# Counterfeit €20, correct procedure?



## johnl68 (23 Jul 2019)

Hi,
I recently found I had a counterfeit €20 when I tried to use it to pay at a self service in a supermarket. One of the managers tested it and told me it was a dud. I brought it to the local bank and the official just took it from me, said I had no comeback, and that was it.
 Both the supermarket staff and bank official were polite, sympathetic, no issue there.
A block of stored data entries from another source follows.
(* Let $\Gamma$ be an $\mathbb N$-metrised graph without loops, and let $G$ be its underlying graph. Let $H$ be the graph obtained from $G$ by subdividing every edge $\{e,i(e)\}$ exactly $l(e)-1$ times. Then $\operatorname{dgon}(\Gamma)\ge\operatorname{dgon}(H)$.
   Context: A graph is $(X,r,i)$, $X$ finite, $r$ idempotent, $i$ an involution, $i(x)=x\iff r(x)=x$; vertices $V$ = fixed points, half-edges $H=X\setminus V$, edges $\{e,i(e)\}$ joining $r(e),r(i(e))$, $H_v=\{e\in H:r(e)=v\}$; graphs are connected. A loop is an edge with $r(e)=r(i(e))$. An $\mathbb N$-metrised graph adds $l:X\to\mathbb N$ with $l(i(x))=l(x)$, $l(x)=0\iff x\in V$; its underlying graph is $(X,r,i)$. A subdivision operation replaces an edge $\{e,i(e)\}$ by a new vertex $w$ and two edges joining $r(e)$ to $w$ and $w$ to $r(i(e))$. For an $\mathbb N$-metrised graph: $\operatorname{PL}(\Gamma)=\{g:V\to\mathbb Z: g(r(e))-g(r(i(e)))\in l(e)\mathbb Z\ \forall e\}$; $\Delta(g)=\sum_v\big(\sum_{e\in H_v}\frac{g(v)-g(r(i(e)))}{l(e)}\big)[v]$; $D\sim D'$ iff $D-D'\in\Delta(\operatorname{PL})$; $|D|=\{E\ge0:E\sim D\}$; $r(D)=\max\{k:|D-F|\ne\emptyset$ for all effective $F$ of degree $k\}$; $\operatorname{dgon}=\min\{\deg D: r(D)\ge1\}$. The divisorial gonality of an unmetrised graph is that of the $\mathbb N$-metrised graph with all edge lengths $1$. *)

theory Defs
  imports Main
begin

definition vertices :: "'a set \<Rightarrow> ('a \<Rightarrow> 'a) \<Rightarrow> 'a set" where
  "vertices X r = {x \<in> X. r x = x}"

definition half_edges :: "'a set \<Rightarrow> ('a \<Rightarrow> 'a) \<Rightarrow> 'a set" where
  "half_edges X r = {x \<in> X. r x \<noteq> x}"

definition adjacent :: "'a set \<Rightarrow> ('a \<Rightarrow> 'a) \<Rightarrow> ('a \<Rightarrow> 'a) \<Rightarrow> ('a \<times> 'a) set" where
  "adjacent X r i = {(r e, r (i e)) | e. e \<in> half_edges X r}"

definition is_graph :: "'a set \<Rightarrow> ('a \<Rightarrow> 'a) \<Rightarrow> ('a \<Rightarrow> 'a) \<Rightarrow> bool" where
  "is_graph X r i \<longleftrightarrow> finite X \<and> X \<noteq> {} \<and>
     (\<forall>x\<in>X. r x \<in> X \<and> i x \<in> X \<and> r (r x) = r x \<and> i (i x) = x \<and> (i x = x \<longleftrightarrow> r x = x)) \<and>
     (\<forall>u\<in>vertices X r. \<forall>v\<in>vertices X r. (u, v) \<in> (adjacent X r i)\<^sup>*)"

definition is_Nmetrised_graph ::
  "'a set \<Rightarrow> ('a \<Rightarrow> 'a) \<Rightarrow> ('a \<Rightarrow> 'a) \<Rightarrow> ('a \<Rightarrow> nat) \<Rightarrow> bool" where
  "is_Nmetrised_graph X r i l \<longleftrightarrow> is_graph X r i \<and>
     (\<forall>x\<in>X. l (i x) = l x \<and> (l x = 0 \<longleftrightarrow> r x = x))"

definition divisors :: "'a set \<Rightarrow> ('a \<Rightarrow> 'a) \<Rightarrow> ('a \<Rightarrow> int) set" where
  "divisors X r = {D. \<forall>x. x \<notin> vertices X r \<longrightarrow> D x = 0}"

definition effective :: "('a \<Rightarrow> int) \<Rightarrow> bool" where
  "effective D \<longleftrightarrow> (\<forall>x. D x \<ge> 0)"

definition deg :: "'a set \<Rightarrow> ('a \<Rightarrow> 'a) \<Rightarrow> ('a \<Rightarrow> int) \<Rightarrow> int" where
  "deg X r D = (\<Sum>v\<in>vertices X r. D v)"

definition PL :: "'a set \<Rightarrow> ('a \<Rightarrow> 'a) \<Rightarrow> ('a \<Rightarrow> 'a) \<Rightarrow> ('a \<Rightarrow> nat) \<Rightarrow> ('a \<Rightarrow> int) set" where
  "PL X r i l = {g. \<forall>e\<in>half_edges X r. int (l e) dvd (g (r e) - g (r (i e)))}"

definition laplacian ::
  "'a set \<Rightarrow> ('a \<Rightarrow> 'a) \<Rightarrow> ('a \<Rightarrow> 'a) \<Rightarrow> ('a \<Rightarrow> nat) \<Rightarrow> ('a \<Rightarrow> int) \<Rightarrow> ('a \<Rightarrow> int)" where
  "laplacian X r i l g = (\<lambda>v. if v \<in> vertices X r then
      (\<Sum>e\<in>{e\<in>half_edges X r. r e = v}. (g v - g (r (i e))) div int (l e)) else 0)"

definition lin_equiv ::
  "'a set \<Rightarrow> ('a \<Rightarrow> 'a) \<Rightarrow> ('a \<Rightarrow> 'a) \<Rightarrow> ('a \<Rightarrow> nat) \<Rightarrow> ('a \<Rightarrow> int) \<Rightarrow> ('a \<Rightarrow> int) \<Rightarrow> bool" where
  "lin_equiv X r i l D D' \<longleftrightarrow> (\<exists>g\<in>PL X r i l. (\<lambda>x. D x - D' x) = laplacian X r i l g)"

definition linsys ::
  "'a set \<Rightarrow> ('a \<Rightarrow> 'a) \<Rightarrow> ('a \<Rightarrow> 'a) \<Rightarrow> ('a \<Rightarrow> nat) \<Rightarrow> ('a \<Rightarrow> int) \<Rightarrow> ('a \<Rightarrow> int) set" where
  "linsys X r i l D = {E \<in> divisors X r. effective E \<and> lin_equiv X r i l E D}"

definition rank ::
  "'a set \<Rightarrow> ('a \<Rightarrow> 'a) \<Rightarrow> ('a \<Rightarrow> 'a) \<Rightarrow> ('a \<Rightarrow> nat) \<Rightarrow> ('a \<Rightarrow> int) \<Rightarrow> int" where
  "rank X r i l D = (GREATEST k::int. \<forall>F \<in> divisors X r. effective F \<and> deg X r F = k \<longrightarrow>
      linsys X r i l (\<lambda>x. D x - F x) \<noteq> {})"

definition dgon :: "'a set \<Rightarrow> ('a \<Rightarrow> 'a) \<Rightarrow> ('a \<Rightarrow> 'a) \<Rightarrow> ('a \<Rightarrow> nat) \<Rightarrow> int" where
  "dgon X r i l = (LEAST d::int. \<exists>D\<in>divisors X r. rank X r i l D \<ge> 1 \<and> deg X r D = d)"

datatype 'a snode = SV 'a | SM 'a nat | SE 'a nat

text \<open>Canonical representative of the edge {e, i e} (depends only on the set).\<close>
definition edge_rep :: "('a \<Rightarrow> 'a) \<Rightarrow> 'a \<Rightarrow> 'a" where
  "edge_rep i e = (SOME x. x \<in> {e, i e})"

text \<open>The vertex of the subdivided path at distance j from r e along the edge of e.\<close>
definition sub_node :: "('a \<Rightarrow> 'a) \<Rightarrow> ('a \<Rightarrow> 'a) \<Rightarrow> ('a \<Rightarrow> nat) \<Rightarrow> 'a \<Rightarrow> nat \<Rightarrow> 'a snode" where
  "sub_node r i l e j = (if j = 0 then SV (r e) else if j = l e then SV (r (i e))
      else if edge_rep i e = e then SM e j else SM (i e) (l e - j))"

definition subd_X :: "'a set \<Rightarrow> ('a \<Rightarrow> 'a) \<Rightarrow> ('a \<Rightarrow> 'a) \<Rightarrow> ('a \<Rightarrow> nat) \<Rightarrow> 'a snode set" where
  "subd_X X r i l = SV ` vertices X r
     \<union> {SM c j | c j. c \<in> half_edges X r \<and> edge_rep i c = c \<and> 1 \<le> j \<and> j < l c}
     \<union> {SE e j | e j. e \<in> half_edges X r \<and> j < l e}"

fun subd_r :: "('a \<Rightarrow> 'a) \<Rightarrow> ('a \<Rightarrow> 'a) \<Rightarrow> ('a \<Rightarrow> nat) \<Rightarrow> 'a snode \<Rightarrow> 'a snode" where
  "subd_r r i l (SE e j) = sub_node r i l e j"
| "subd_r r i l x = x"

text \<open>Half-edge SE e j goes from distance j to distance j+1 (from r e); its
  opposite is SE (i e) (l e - 1 - j).\<close>
fun subd_i :: "('a \<Rightarrow> 'a) \<Rightarrow> ('a \<Rightarrow> nat) \<Rightarrow> 'a snode \<Rightarrow> 'a snode" where
  "subd_i i l (SE e j) = SE (i e) (l e - 1 - j)"
| "subd_i i l x = x"

fun unit_len :: "'a snode \<Rightarrow> nat" where
  "unit_len (SE e j) = 1"
| "unit_len x = 0"

end

theory Submission
  imports Defs
begin

text \<open>Lift a divisor \<open>D\<close> of rank at least one on \<open>\<Gamma>\<close> to \<open>H\<close> by keeping its chips on the original
  vertices. A piecewise linear function on \<open>\<Gamma>\<close>, interpolated linearly along the subdivided edges,
  has as unit Laplacian on \<open>H\<close> exactly the lift of its Laplacian on \<open>\<Gamma>\<close>; so linear equivalences
  lift, and every original vertex of \<open>H\<close> can receive a chip. A new vertex \<open>q\<close> is interior to a
  path of chip-free degree-two vertices whose ends can receive a chip, and then so can \<open>q\<close>: otherwise
  a \<open>q\<close>-reduced representative has a chip to spare on both sides of \<open>q\<close>, and Dhar's burning
  argument contradicts its reducedness. Hence the lift, of the same degree, has rank at least one.\<close>

section \<open>Chip firing with unit edge lengths\<close>

definition half_edge_graph :: "'a set \<Rightarrow> ('a \<Rightarrow> 'a) \<Rightarrow> ('a \<Rightarrow> 'a) \<Rightarrow> bool" where
  "half_edge_graph X r i \<longleftrightarrow> finite X \<and>
     (\<forall>e\<in>half_edges X r. i e \<in> half_edges X r \<and> i (i e) = e \<and> r e \<in> vertices X r)"

definition connected_graph :: "'a set \<Rightarrow> ('a \<Rightarrow> 'a) \<Rightarrow> ('a \<Rightarrow> 'a) \<Rightarrow> bool" where
  "connected_graph X r i \<longleftrightarrow> (\<forall>u\<in>vertices X r. \<forall>v\<in>vertices X r. (u, v) \<in> (adjacent X r i)\<^sup>*)"

definition unit_lap :: "'a set \<Rightarrow> ('a \<Rightarrow> 'a) \<Rightarrow> ('a \<Rightarrow> 'a) \<Rightarrow> ('a \<Rightarrow> int) \<Rightarrow> 'a \<Rightarrow> int" where
  "unit_lap X r i h v = (\<Sum>e\<in>{e\<in>half_edges X r. r e = v}. h v - h (r (i e)))"

definition effective_after :: "'a set \<Rightarrow> ('a \<Rightarrow> 'a) \<Rightarrow> ('a \<Rightarrow> 'a) \<Rightarrow> ('a \<Rightarrow> int) \<Rightarrow> ('a \<Rightarrow> int) \<Rightarrow> bool" where
  "effective_after X r i D h \<longleftrightarrow> (\<forall>v\<in>vertices X r. 0 \<le> D v + unit_lap X r i h v)"

definition chip_reachable :: "'a set \<Rightarrow> ('a \<Rightarrow> 'a) \<Rightarrow> ('a \<Rightarrow> 'a) \<Rightarrow> ('a \<Rightarrow> int) \<Rightarrow> 'a \<Rightarrow> bool" where
  "chip_reachable X r i D v \<longleftrightarrow> (\<exists>h. effective_after X r i D h \<and> 1 \<le> D v + unit_lap X r i h v)"

lemma half_edge_graphD:
  assumes "half_edge_graph X r i" "e \<in> half_edges X r"
  shows "i e \<in> half_edges X r" "i (i e) = e" "r e \<in> vertices X r" "r (i e) \<in> vertices X r"
  using assms unfolding half_edge_graph_def by auto

lemma half_edge_graph_finite:
  assumes "half_edge_graph X r i"
  shows "finite X" "finite (vertices X r)" "finite (half_edges X r)"
  using assms unfolding half_edge_graph_def vertices_def half_edges_def by auto

lemma bij_betw_involution_half_edges:
  assumes "half_edge_graph X r i"
  shows "bij_betw i (half_edges X r) (half_edges X r)"
  by (rule bij_betw_byWitness[of _ i]) (use half_edge_graphD[OF assms] in auto)

lemma sum_incident_antisym_eq_0:
  fixes \<phi> :: "'a \<Rightarrow> int"
  assumes G: "half_edge_graph X r i" and antisym: "\<forall>e\<in>half_edges X r. \<phi> (i e) = - \<phi> e"
  shows "(\<Sum>v\<in>vertices X r. \<Sum>e\<in>{e\<in>half_edges X r. r e = v}. \<phi> e) = 0"
proof -
  let ?H = "half_edges X r"
  have "(\<Sum>v\<in>vertices X r. \<Sum>e\<in>{e\<in>?H. r e = v}. \<phi> e) = sum \<phi> ?H"
    using sum.group[of ?H "vertices X r" r \<phi>] half_edge_graph_finite[OF G] half_edge_graphD(3)[OF G]
    by auto
  moreover have "sum (\<phi> \<circ> i) ?H = sum \<phi> ?H"
    using sum.reindex_bij_betw[OF bij_betw_involution_half_edges[OF G]] by simp
  moreover have "sum (\<phi> \<circ> i) ?H = - sum \<phi> ?H"
    using antisym by (simp add: sum_negf[symmetric])
  ultimately show ?thesis by simp
qed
However this also happened to me years ago when I was lodging takings and a fake €5 was found, on that occasion I had to make a report in the bank, sign it, and received a receipt.
Anyway just a heads up that there are dodgy €20s around and you lose your money if you don't notice it.

Interestingly, according to the bank at the time, the fake €5 was considered rare as forgers don't bother with small denomination notes.


----------



## Leo (24 Jul 2019)

From here:



> A receipt should be obtained to confirm your submission of the suspect counterfeit as no refund will be given at this time.


----------



## Bronte (24 Jul 2019)

This happened to my OH in America. He got dollars out in advance in an Irish bank and was in an Irish bar in NY and the barman told him the $50 was a dud.  My OH asked how could he get rid of it.  Taxi said the barman.  Which is what he did.


----------



## Purple (8 Aug 2019)

johnl68 said:


> Interestingly, according to the bank at the time, the fake €5 was considered rare as forgers don't bother with small denomination notes.


You might have got a few bob for it...


----------